Bring together every line in the data that includes "ultimately".

### [Record extracts]
* * * * * * *

lemma edges_at_vertex:
  assumes "n \<ge> 2" "u < 2*n"
  shows "{e \<in> Gn_edges n. u + 1 \<in> e} = {cycle_edge n u, cycle_edge n (cyc_pred n u), chord n (u mod n)}"
proof -
  have "cyc_pred n u < 2*n" "u mod n < n" using assms cyc_pred_less[of n u] by auto
  then have "{cycle_edge n u, cycle_edge n (cyc_pred n u), chord n (u mod n)} \<subseteq> Gn_edges n"
    using assms by (auto simp: Gn_edges_eq)
  moreover have "e \<in> {cycle_edge n u, cycle_edge n (cyc_pred n u), chord n (u mod n)} \<longleftrightarrow> u + 1 \<in> e"
    if "e \<in> Gn_edges n" for e
  proof -
    from that consider j where "j < 2*n" "e = cycle_edge n j" | j where "j < n" "e = chord n j"
      unfolding Gn_edges_eq[OF assms(1)] by blast
    then show ?thesis
    proof cases
      case 1
      then show ?thesis
        using cycle_edge_neq_chord[OF assms(1) 1(1) \<open>u mod n < n\<close>] assms \<open>cyc_pred n u < 2*n\<close>
          mem_cycle_edge_iff[OF assms(1) 1(1) assms(2)]
        by (auto simp: inj_on_eq_iff[OF inj_on_cycle_edge[OF assms(1)]])
    next
      case 2
      then show ?thesis
        using cycle_edge_neq_chord[OF assms(1) _ 2(1)] assms \<open>cyc_pred n u < 2*n\<close> \<open>u mod n < n\<close>
          mem_chord_iff[OF 2(1) assms(2)]
        by (auto simp: inj_on_eq_iff[OF inj_on_chord])
    qed
  qed
  ultimately show ?thesis by blast
qed

lemma card_edges_at_vertex:
  assumes "n \<ge> 2" "X \<subseteq> Gn_edges n" "u < 2*n"
  shows "card {e\<in>X. u + 1 \<in> e}
           = of_bool (cycle_edge n u \<in> X) + of_bool (cycle_edge n (cyc_pred n u) \<in> X)
             + of_bool (chord n (u mod n) \<in> X)"
proof -
  have "{e\<in>X. u + 1 \<in> e} = X \<inter> {cycle_edge n u, cycle_edge n (cyc_pred n u), chord n (u mod n)}"
    using edges_at_vertex[OF assms(1,3)] assms(2) by blast
  moreover have "cycle_edge n u \<noteq> cycle_edge n (cyc_pred n u)"
    using inj_on_cycle_edge[OF assms(1)] assms cyc_pred_less[of n u] cyc_pred_neq[of n u]
    by (auto simp: inj_on_def)
  moreover have "cycle_edge n u \<noteq> chord n (u mod n)" "cycle_edge n (cyc_pred n u) \<noteq> chord n (u mod n)"
    using cycle_edge_neq_chord assms cyc_pred_less[of n u] by auto
  ultimately show ?thesis by (simp add: card_insert_if)
qed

* * * * * * *

### [Your response]
  ultimately show ?thesis by blast
  ultimately show ?thesis by (simp add: card_insert_if)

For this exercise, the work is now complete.